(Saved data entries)
=== Begin Enclosure ===
lemma bounded_op_funpow: "bounded_op f \<Longrightarrow> bounded_op (f ^^ n)"
  by (induction n)
     (simp_all add: bounded_op_ident[folded id_def] bounded_op_compose[folded comp_def])

text \<open>The functional is determined by a vector \<open>u\<close> orthogonal to its kernel.\<close>
lemma Riesz_representation:
  fixes g :: "'a::complex_hilbert \<Rightarrow> complex"
  assumes g: "bounded_linear g" and g_scaleC: "\<And>c x. g (c *\<^sub>C x) = c * g x"
  shows "\<exists>w. \<forall>x. g x = cinner w x"
proof (cases "\<forall>x. g x = 0")
  case False
  then obtain x0 where gx0: "g x0 \<noteq> 0" by blast
  define K where "K = {x. g x = 0}"
  have lin: "g (x + y) = g x + g y" "g (x - y) = g x - g y" "g 0 = 0" for x y
    using g by (simp_all add: linear_simps)
  have "csubspace K" unfolding csubspace_def K_def using lin g_scaleC by auto
  moreover have "closed K" unfolding K_def
    by (intro closed_Collect_eq linear_continuous_on g continuous_on_const)
  ultimately obtain p where pK: "p \<in> K" and orth: "x0 - p \<in> orth_compl K"
    using orthogonal_decomposition by blast
  define u where "u = x0 - p"
  have gu: "g u \<noteq> 0" using gx0 pK by (simp add: u_def lin K_def)
  then have nu: "(norm u)\<^sup>2 \<noteq> 0" using lin by auto
  have "g x = cinner ((cnj (g u) / of_real ((norm u)\<^sup>2)) *\<^sub>C u) x" for x
  proof -
    define v where "v = x - (g x / g u) *\<^sub>C u"
    have "g v = 0" using gu by (simp add: v_def lin g_scaleC)
    then have "cinner v u = 0" using orth by (simp add: K_def u_def orth_compl_def)
    then have "cinner u x = (g x / g u) * of_real ((norm u)\<^sup>2)"
      by (subst cinner_cnj) (simp add: v_def cinner_diff_left cinner_scaleC_left cinner_self)
    then show ?thesis using gu nu by (simp add: cinner_scaleC_left field_simps)
  qed
  then show ?thesis by blast
qed (auto intro: exI[of _ 0])

lemma adj_exists:
  assumes T: "bounded_op T"
  shows "\<exists>S. \<forall>x y. cinner (T x) y = cinner x (S y)"
proof -
  have "\<exists>w. \<forall>x. cinner y (T x) = cinner w x" for y
  proof (rule Riesz_representation)
    show "bounded_linear (\<lambda>x. cinner y (T x))"
      using bounded_linear_compose[OF bounded_linear_cinner_right bounded_op_linear[OF T]]
      by (simp add: o_def)
  qed (simp add: bounded_op_scaleC[OF T] cinner_scaleC_right)
  then have "\<forall>y. \<exists>w. \<forall>x. cinner (T x) y = cinner x w" by (metis cinner_cnj)
  then show ?thesis by metis
qed

lemma adj_eqI:
  assumes "\<And>x y. cinner (T x) y = cinner x (S y)"
  shows "adj T = S"
  unfolding adj_def
proof (rule the_equality)
  fix S' assume "\<forall>x y. cinner (T x) y = cinner x (S' y)"
  then show "S' = S" using assms by (metis cinner_ext ext)
qed (use assms in blast)

lemma cinner_adj_right: "bounded_op T \<Longrightarrow> cinner (T x) y = cinner x (adj T y)"
  using adj_exists adj_eqI by metis

lemma cinner_adj_left: "bounded_op T \<Longrightarrow> cinner x (T y) = cinner (adj T x) y"
  by (metis cinner_adj_right cinner_cnj)

lemma bounded_op_adj:
  assumes T: "bounded_op T"
  shows "bounded_op (adj T)"
proof -
  let ?S = "adj T"
  have add: "?S (y1 + y2) = ?S y1 + ?S y2" for y1 y2
    by (rule cinner_ext) (simp add: cinner_adj_right[OF T, symmetric] cinner_add_right)
  have scale: "?S (c *\<^sub>C y) = c *\<^sub>C ?S y" for c y
    by (rule cinner_ext) (simp add: cinner_adj_right[OF T, symmetric] cinner_scaleC_right)
  have bound: "norm (?S y) \<le> norm y * onorm T" for y
  proof -
    have "(norm (?S y))\<^sup>2 = Re (cinner (T (?S y)) y)"
      by (simp add: cinner_adj_right[OF T] Re_cinner_self)
    also have "\<dots> \<le> norm (T (?S y)) * norm y" by (rule Re_cinner_le)
    also have "\<dots> \<le> onorm T * norm (?S y) * norm y"
      by (intro mult_right_mono bounded_op_norm_le[OF T]) simp
    finally have "norm (?S y) * norm (?S y) \<le> (onorm T * norm y) * norm (?S y)"
      by (simp add: power2_eq_square algebra_simps)
    then show ?thesis
      by (cases "norm (?S y) = 0") (auto simp: mult.commute bounded_op_onorm_nonneg[OF T])
  qed
  have "bounded_linear ?S"
    by (rule bounded_linear_intro[OF add _ bound]) (metis scale scaleC_of_real)
  then show ?thesis using scale by (simp add: bounded_op_def)
qed

section \<open>Self-adjoint and positive operators\<close>

definition selfadj :: "('a::complex_hilbert \<Rightarrow> 'a) \<Rightarrow> bool" where
  "selfadj H \<longleftrightarrow> bounded_op H \<and> (\<forall>x y. cinner (H x) y = cinner x (H y))"

definition invariant :: "('a::complex_hilbert \<Rightarrow> 'a) \<Rightarrow> 'a set \<Rightarrow> bool" where
  "invariant D M \<longleftrightarrow> csubspace M \<and> (\<forall>v\<in>M. D v \<in> M)"

lemma invariant_UNIV: "invariant D UNIV"
  by (simp add: invariant_def csubspace_def)

lemma selfadj_bounded_op: "selfadj H \<Longrightarrow> bounded_op H"
  by (simp add: selfadj_def)

lemma selfadj_cinner: "selfadj H \<Longrightarrow> cinner (H x) y = cinner x (H y)"
  by (simp add: selfadj_def)

lemma selfadj_cinner_real: "selfadj H \<Longrightarrow> cinner x (H x) = of_real (Re (cinner x (H x)))"
  by (metis selfadj_cinner cinner_cnj Reals_cnj_iff complex_is_Real_iff of_real_Re)

lemma selfadj_diff_op: "selfadj A \<Longrightarrow> selfadj B \<Longrightarrow> selfadj (\<lambda>x. A x - B x)"
  by (simp add: selfadj_def bounded_op_diff_op cinner_diff_left cinner_diff_right)

lemma selfadj_scaleR_op: "selfadj A \<Longrightarrow> selfadj (\<lambda>x. r *\<^sub>R A x)"
  by (simp add: selfadj_def bounded_op_scaleR_op cinner_scaleR_left cinner_scaleR_right)

lemma selfadj_ident: "selfadj (\<lambda>x. x)"
  by (simp add: selfadj_def bounded_op_ident)

lemma selfadj_funpow:
  assumes "selfadj f"
  shows "selfadj (f ^^ n)"
proof -
  have "cinner ((f ^^ n) x) y = cinner x ((f ^^ n) y)" for x y
    by (induction n arbitrary: x y) (simp_all add: selfadj_cinner[OF assms] funpow_swap1)
  then show ?thesis
    using bounded_op_funpow[OF selfadj_bounded_op[OF assms]] by (simp add: selfadj_def)
qed

lemma selfadj_adj_compose: "bounded_op T \<Longrightarrow> selfadj (\<lambda>x. adj T (T x))"
  by (simp add: selfadj_def bounded_op_compose bounded_op_adj cinner_adj_right cinner_adj_left)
=== End Enclosure ===
WORK REQUEST | After reading the data, retype all of it exactly as it reads.

ANSWER SPACE |
lemma bounded_op_funpow: "bounded_op f \<Longrightarrow> bounded_op (f ^^ n)"
  by (induction n)
     (simp_all add: bounded_op_ident[folded id_def] bounded_op_compose[folded comp_def])

text \<open>The functional is determined by a vector \<open>u\<close> orthogonal to its kernel.\<close>
lemma Riesz_representation:
  fixes g :: "'a::complex_hilbert \<Rightarrow> complex"
  assumes g: "bounded_linear g" and g_scaleC: "\<And>c x. g (c *\<^sub>C x) = c * g x"
  shows "\<exists>w. \<forall>x. g x = cinner w x"
proof (cases "\<forall>x. g x = 0")
  case False
  then obtain x0 where gx0: "g x0 \<noteq> 0" by blast
  define K where "K = {x. g x = 0}"
  have lin: "g (x + y) = g x + g y" "g (x - y) = g x - g y" "g 0 = 0" for x y
    using g by (simp_all add: linear_simps)
  have "csubspace K" unfolding csubspace_def K_def using lin g_scaleC by auto
  moreover have "closed K" unfolding K_def
    by (intro closed_Collect_eq linear_continuous_on g continuous_on_const)
  ultimately obtain p where pK: "p \<in> K" and orth: "x0 - p \<in> orth_compl K"
    using orthogonal_decomposition by blast
  define u where "u = x0 - p"
  have gu: "g u \<noteq> 0" using gx0 pK by (simp add: u_def lin K_def)
  then have nu: "(norm u)\<^sup>2 \<noteq> 0" using lin by auto
  have "g x = cinner ((cnj (g u) / of_real ((norm u)\<^sup>2)) *\<^sub>C u) x" for x
  proof -
    define v where "v = x - (g x / g u) *\<^sub>C u"
    have "g v = 0" using gu by (simp add: v_def lin g_scaleC)
    then have "cinner v u = 0" using orth by (simp add: K_def u_def orth_compl_def)
    then have "cinner u x = (g x / g u) * of_real ((norm u)\<^sup>2)"
      by (subst cinner_cnj) (simp add: v_def cinner_diff_left cinner_scaleC_left cinner_self)
    then show ?thesis using gu nu by (simp add: cinner_scaleC_left field_simps)
  qed
  then show ?thesis by blast
qed (auto intro: exI[of _ 0])

lemma adj_exists:
  assumes T: "bounded_op T"
  shows "\<exists>S. \<forall>x y. cinner (T x) y = cinner x (S y)"
proof -
  have "\<exists>w. \<forall>x. cinner y (T x) = cinner w x" for y
  proof (rule Riesz_representation)
    show "bounded_linear (\<lambda>x. cinner y (T x))"
      using bounded_linear_compose[OF bounded_linear_cinner_right bounded_op_linear[OF T]]
      by (simp add: o_def)
  qed (simp add: bounded_op_scaleC[OF T] cinner_scaleC_right)
  then have "\<forall>y. \<exists>w. \<forall>x. cinner (T x) y = cinner x w" by (metis cinner_cnj)
  then show ?thesis by metis
qed

lemma adj_eqI:
  assumes "\<And>x y. cinner (T x) y = cinner x (S y)"
  shows "adj T = S"
  unfolding adj_def
proof (rule the_equality)
  fix S' assume "\<forall>x y. cinner (T x) y = cinner x (S' y)"
  then show "S' = S" using assms by (metis cinner_ext ext)
qed (use assms in blast)

lemma cinner_adj_right: "bounded_op T \<Longrightarrow> cinner (T x) y = cinner x (adj T y)"
  using adj_exists adj_eqI by metis

lemma cinner_adj_left: "bounded_op T \<Longrightarrow> cinner x (T y) = cinner (adj T x) y"
  by (metis cinner_adj_right cinner_cnj)

lemma bounded_op_adj:
  assumes T: "bounded_op T"
  shows "bounded_op (adj T)"
proof -
  let ?S = "adj T"
  have add: "?S (y1 + y2) = ?S y1 + ?S y2" for y1 y2
    by (rule cinner_ext) (simp add: cinner_adj_right[OF T, symmetric] cinner_add_right)
  have scale: "?S (c *\<^sub>C y) = c *\<^sub>C ?S y" for c y
    by (rule cinner_ext) (simp add: cinner_adj_right[OF T, symmetric] cinner_scaleC_right)
  have bound: "norm (?S y) \<le> norm y * onorm T" for y
  proof -
    have "(norm (?S y))\<^sup>2 = Re (cinner (T (?S y)) y)"
      by (simp add: cinner_adj_right[OF T] Re_cinner_self)
    also have "\<dots> \<le> norm (T (?S y)) * norm y" by (rule Re_cinner_le)
    also have "\<dots> \<le> onorm T * norm (?S y) * norm y"
      by (intro mult_right_mono bounded_op_norm_le[OF T]) simp
    finally have "norm (?S y) * norm (?S y) \<le> (onorm T * norm y) * norm (?S y)"
      by (simp add: power2_eq_square algebra_simps)
    then show ?thesis
      by (cases "norm (?S y) = 0") (auto simp: mult.commute bounded_op_onorm_nonneg[OF T])
  qed
  have "bounded_linear ?S"
    by (rule bounded_linear_intro[OF add _ bound]) (metis scale scaleC_of_real)
  then show ?thesis using scale by (simp add: bounded_op_def)
qed

section \<open>Self-adjoint and positive operators\<close>

definition selfadj :: "('a::complex_hilbert \<Rightarrow> 'a) \<Rightarrow> bool" where
  "selfadj H \<longleftrightarrow> bounded_op H \<and> (\<forall>x y. cinner (H x) y = cinner x (H y))"

definition invariant :: "('a::complex_hilbert \<Rightarrow> 'a) \<Rightarrow> 'a set \<Rightarrow> bool" where
  "invariant D M \<longleftrightarrow> csubspace M \<and> (\<forall>v\<in>M. D v \<in> M)"

lemma invariant_UNIV: "invariant D UNIV"
  by (simp add: invariant_def csubspace_def)

lemma selfadj_bounded_op: "selfadj H \<Longrightarrow> bounded_op H"
  by (simp add: selfadj_def)

lemma selfadj_cinner: "selfadj H \<Longrightarrow> cinner (H x) y = cinner x (H y)"
  by (simp add: selfadj_def)

lemma selfadj_cinner_real: "selfadj H \<Longrightarrow> cinner x (H x) = of_real (Re (cinner x (H x)))"
  by (metis selfadj_cinner cinner_cnj Reals_cnj_iff complex_is_Real_iff of_real_Re)

lemma selfadj_diff_op: "selfadj A \<Longrightarrow> selfadj B \<Longrightarrow> selfadj (\<lambda>x. A x - B x)"
  by (simp add: selfadj_def bounded_op_diff_op cinner_diff_left cinner_diff_right)

lemma selfadj_scaleR_op: "selfadj A \<Longrightarrow> selfadj (\<lambda>x. r *\<^sub>R A x)"
  by (simp add: selfadj_def bounded_op_scaleR_op cinner_scaleR_left cinner_scaleR_right)

lemma selfadj_ident: "selfadj (\<lambda>x. x)"
  by (simp add: selfadj_def bounded_op_ident)

lemma selfadj_funpow:
  assumes "selfadj f"
  shows "selfadj (f ^^ n)"
proof -
  have "cinner ((f ^^ n) x) y = cinner x ((f ^^ n) y)" for x y
    by (induction n arbitrary: x y) (simp_all add: selfadj_cinner[OF assms] funpow_swap1)
  then show ?thesis
    using bounded_op_funpow[OF selfadj_bounded_op[OF assms]] by (simp add: selfadj_def)
qed

lemma selfadj_adj_compose: "bounded_op T \<Longrightarrow> selfadj (\<lambda>x. adj T (T x))"
  by (simp add: selfadj_def bounded_op_compose bounded_op_adj cinner_adj_right cinner_adj_left)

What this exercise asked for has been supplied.